(* Let $\psi:\mathbb R^n\to\mathbb R$ be convex, $x_0\in\mathbb R^n$ with $\psi(x_0)=0$ and $0\in\partial\psi(x_0)$, $t>0$, and let $A$ be a positive definite symmetric matrix such that $S=S(x_0,0,t)$ satisfies $\{x:|x|_A\le1\}\subset S\subset\{x:|x|_A\le n\}$. Then there exist a constant $c>0$ depending only on $n$ and a set $V\subset\partial\psi(S)$ such that $$|V|\ge c\,\frac{t^n}{|S|},\qquad \Sigma:=\partial\psi^*(V)\subset S,$$ and for all $q\in V$ and $y_0\in\partial\psi^*(q)$, $$\psi(y)-\psi(y_0)\ge\frac{t}{8n^2}|y-y_0|_A^2+q\cdot(y-y_0)\qquad\text{for all } y\in\{x:|x|_A\le2n\}.$$ (In particular $\partial\psi^*(q)=\{y_0\}$ for every $q\in V$.)
   Context: $|x|_A=\sqrt{x^*Ax}$. Sections: $S(x_0,p_0,t)=\{x:\psi(x)\le\psi(x_0)+p_0\cdot(x-x_0)+t\}$. $\psi^*$ is the Legendre transform and $\partial\psi^*(V)=\bigcup_{q\in V}\partial\psi^*(q)$; $|\cdot|$ is Lebesgue measure. *)

theory Defs
  imports "HOL-Analysis.Analysis"
begin

definition normA :: "real^'n^'n \<Rightarrow> real^'n \<Rightarrow> real" where
  "normA A x = sqrt (x \<bullet> (A *v x))"

definition pos_def_sym :: "real^'n^'n \<Rightarrow> bool" where
  "pos_def_sym A \<longleftrightarrow> transpose A = A \<and> (\<forall>x. x \<noteq> 0 \<longrightarrow> x \<bullet> (A *v x) > 0)"

definition sect :: "(real^'n \<Rightarrow> real) \<Rightarrow> real^'n \<Rightarrow> real^'n \<Rightarrow> real \<Rightarrow> (real^'n) set" where
  "sect \<psi> x0 p0 t = {x. \<psi> x \<le> \<psi> x0 + p0 \<bullet> (x - x0) + t}"

definition subdiff :: "(real^'n \<Rightarrow> real) \<Rightarrow> real^'n \<Rightarrow> (real^'n) set" where
  "subdiff \<psi> x = {p. \<forall>y. \<psi> y \<ge> \<psi> x + p \<bullet> (y - x)}"

definition subdiff_set :: "(real^'n \<Rightarrow> real) \<Rightarrow> (real^'n) set \<Rightarrow> (real^'n) set" where
  "subdiff_set \<psi> E = (\<Union>x\<in>E. subdiff \<psi> x)"

definition legendre :: "(real^'n \<Rightarrow> real) \<Rightarrow> real^'n \<Rightarrow> ereal" where
  "legendre \<psi> q = (SUP x. ereal (q \<bullet> x - \<psi> x))"

definition subdiff_ereal :: "(real^'n \<Rightarrow> ereal) \<Rightarrow> real^'n \<Rightarrow> (real^'n) set" where
  "subdiff_ereal f q = {y. \<bar>f q\<bar> \<noteq> \<infinity> \<and> (\<forall>q'. f q' \<ge> f q + ereal (y \<bullet> (q' - q)))}"

definition subdiff_ereal_set :: "(real^'n \<Rightarrow> ereal) \<Rightarrow> (real^'n) set \<Rightarrow> (real^'n) set" where
  "subdiff_ereal_set f V = (\<Union>q\<in>V. subdiff_ereal f q)"

end

theory Submission
  imports Defs
begin
lemma mat_tendsto_minv:
  assumes f: "\<And>x. f x \<in> carrier_mat n n" and A: "A \<in> carrier_mat n n"
    and lim: "mat_tendsto F n n f A" and d: "det A \<noteq> 0"
  shows "mat_tendsto F n n (\<lambda>x. minv (f x)) (minv A)"
proof -
  have det_lim: "((\<lambda>x. det (f x)) \<longlongrightarrow> det A) F" by (rule tendsto_det[OF f A lim])
  have "mat_tendsto F n n (\<lambda>x. inverse (det (f x)) \<cdot>\<^sub>m adj_mat (f x)) (inverse (det A) \<cdot>\<^sub>m adj_mat A)"
    by (rule mat_tendsto_smult[OF adj_mat(1)[OF f] adj_mat(1)[OF A] mat_tendsto_adj_mat[OF f A lim]])
      (intro tendsto_inverse det_lim d)
  moreover have "eventually (\<lambda>x. minv (f x) = inverse (det (f x)) \<cdot>\<^sub>m adj_mat (f x)) F"
    using tendsto_imp_eventually_ne[OF det_lim d] by eventually_elim (rule minv_adj_mat[OF f])
  ultimately show ?thesis unfolding minv_adj_mat[OF A d] by (rule mat_tendsto_cong[rotated])
qed

lemma sandwich_carrier:
  "W \<in> carrier_mat n k \<Longrightarrow> G \<in> carrier_mat n n \<Longrightarrow> cadj W * minv G * W \<in> carrier_mat k k"
  by (metis cadj_carrier minv_carrier mult_carrier_mat)

lemma mat_tendsto_sandwich_minv:
  assumes "\<And>x. W x \<in> carrier_mat n k" "W0 \<in> carrier_mat n k"
    and "\<And>x. G x \<in> carrier_mat n n" "G0 \<in> carrier_mat n n"
    and "mat_tendsto F n k W W0" "mat_tendsto F n n G G0" "det G0 \<noteq> 0"
  shows "mat_tendsto F k k (\<lambda>x. cadj (W x) * minv (G x) * W x) (cadj W0 * minv G0 * W0)"
proof -
  have left: "mat_tendsto F k n (\<lambda>x. cadj (W x) * minv (G x)) (cadj W0 * minv G0)"
    by (rule mat_tendsto_mult[OF _ _ _ _ mat_tendsto_cadj[OF assms(1,2,5)] mat_tendsto_minv[OF assms(3,4,6,7)]])
      (use assms in auto)
  show ?thesis
    by (rule mat_tendsto_mult[OF _ _ _ _ left assms(5)]) (use assms in \<open>auto intro!: mult_carrier_mat[of _ k n]\<close>)
qed

section \<open>Inverses of the pencil \<open>b A - B\<close> as \<open>b \<rightarrow> \<infinity>\<close>\<close>

lemma cadj_smult: "cadj (c \<cdot>\<^sub>m A) = cnj c \<cdot>\<^sub>m cadj A"
  unfolding cadj_def by (rule eq_matI) auto
section \<open>Moment bound\<close>

definition time_threshold :: "nat \<Rightarrow> (nat \<Rightarrow> real) \<Rightarrow> real" where
  "time_threshold K a = sqrt (real K ^ 3 + lyap_shift K a) / drift_const K a"

definition moment_const :: "nat \<Rightarrow> (nat \<Rightarrow> real) \<Rightarrow> real" where
  "moment_const K a = real K ^ 3 / time_threshold K a + rate_const K a
     + ((drift_const K a)\<^sup>2 / (rate_const K a)\<^sup>2 + step_const K a) * rate_const K a"

context stable_rates
begin

lemma time_threshold_pos: "0 < time_threshold K a"
  unfolding time_threshold_def using drift_const_pos lyap_shift_pos by (simp add: add_nonneg_pos)

lemma moment_const_pos: "0 < moment_const K a"
proof -
  have "0 \<le> real K ^ 3 / time_threshold K a"
    using time_threshold_pos by simp
  moreover have "0 \<le> ((drift_const K a)\<^sup>2 / (rate_const K a)\<^sup>2 + step_const K a) * rate_const K a"
    using rate_const_ge_2 step_const_ge_2 by simp
  ultimately show ?thesis
    unfolding moment_const_def using rate_const_ge_2 by linarith
qed

lemma threshold_le_drift_const_mult:
  assumes "time_threshold K a \<le> t"
  shows "real K ^ 3 + lyap_shift K a \<le> (drift_const K a * t)\<^sup>2"
proof -
  have "sqrt (real K ^ 3 + lyap_shift K a) \<le> drift_const K a * t"
    using assms drift_const_pos unfolding time_threshold_def by (simp add: divide_le_eq mult.commute)
  then show ?thesis
    by (rule sqrt_le_D)
qed

end

context stable_queue
begin

lemma jump_op_iter_zhat_nonneg: "ranked_state K x \<Longrightarrow> 0 \<le> (jump_op K a n ^^ k) (zhat_normsq K n) x"
  using adm K_pos zhat_normsq_nonneg by (rule jump_op_iter_nonneg)

lemma jump_op_iter_zhat_le_sum_sq:
  assumes r: "ranked_state K x"
  shows "(jump_op K a n ^^ k) (zhat_normsq K n) x \<le> (sum_sq K x + real k) / real n"
proof (rule jump_op_iter_le[OF adm K_pos _ _ r])
  fix k y assume "ranked_state K y"
  have "jump_op K a n (\<lambda>y. (sum_sq K y + real k) / real n) y
      = jump_op K a n (\<lambda>y. 1 / real n * sum_sq K y + real k / real n) y"
    by (simp add: add_divide_distrib)
  also have "\<dots> = 1 / real n * jump_op K a n (sum_sq K) y + real k / real n"
    by (rule jump_op_affine)
  also have "\<dots> \<le> 1 / real n * (sum_sq K y + 1) + real k / real n"
    using generator_sum_sq_le_unif_rate[OF \<open>ranked_state K y\<close>] unif_rate_pos n_ge_1
    unfolding jump_op_def by (intro add_right_mono mult_left_mono) auto
  also have "\<dots> = (sum_sq K y + real (Suc k)) / real n"
    using n_ge_1 by (simp add: field_simps)
  finally show "jump_op K a n (\<lambda>y. (sum_sq K y + real k) / real n) y \<le> (sum_sq K y + real (Suc k)) / real n" .
qed (simp add: zhat_normsq_le_sum_sq)

lemma jump_op_iter_zhat_le_lyap:
  assumes r: "ranked_state K x"
  shows "(jump_op K a n ^^ k) (zhat_normsq K n) x
      \<le> ((max (lyap K a n x - lyap_decrement K a n * real k) 0)\<^sup>2 + step_const K a * real k) / real n"
proof (rule jump_op_iter_le[OF adm K_pos _ _ r])
  fix k y assume "ranked_state K y"
  let ?h = "\<lambda>y. (max (lyap K a n y - lyap_decrement K a n * real k) 0)\<^sup>2"
  have "jump_op K a n (\<lambda>y. (?h y + step_const K a * real k) / real n) y
      = jump_op K a n (\<lambda>y. 1 / real n * ?h y + step_const K a * real k / real n) y"
    by (simp add: add_divide_distrib)
  also have "\<dots> = 1 / real n * jump_op K a n ?h y + step_const K a * real k / real n"
    by (rule jump_op_affine)
  also have "\<dots> \<le> 1 / real n * ((max (lyap K a n y - (lyap_decrement K a n * real k + lyap_decrement K a n)) 0)\<^sup>2
      + step_const K a) + step_const K a * real k / real n"
    using jump_op_excess_sq_step[OF \<open>ranked_state K y\<close>] lyap_decrement_nonneg n_ge_1
    by (intro add_right_mono mult_left_mono) auto
  also have "\<dots> = ((max (lyap K a n y - lyap_decrement K a n * real (Suc k)) 0)\<^sup>2
      + step_const K a * real (Suc k)) / real n"
    using n_ge_1 by (simp add: field_simps)
  finally show "jump_op K a n (\<lambda>y. (?h y + step_const K a * real k) / real n) y
      \<le> ((max (lyap K a n y - lyap_decrement K a n * real (Suc k)) 0)\<^sup>2 + step_const K a * real (Suc k)) / real n" .
next
  fix y assume "ranked_state K y"
  then have "zhat_normsq K n y \<le> sum_sq K y / real n"
    by (rule zhat_normsq_le_sum_sq)
  also have "\<dots> \<le> (lyap K a n y)\<^sup>2 / real n"
    using lyap_sq[of y] lyap_shift_pos n_ge_1 by (intro divide_right_mono) auto
  finally show "zhat_normsq K n y
      \<le> ((max (lyap K a n y - lyap_decrement K a n * real 0) 0)\<^sup>2 + step_const K a * real 0) / real n"
    using lyap_pos[of y] by simp
qed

→ **TASK DIRECTIONS**
For the string "unfolding", work out how many lines of the entries contain it and reply with that number alone.

→ **SOLUTION TO THIS TASK**
6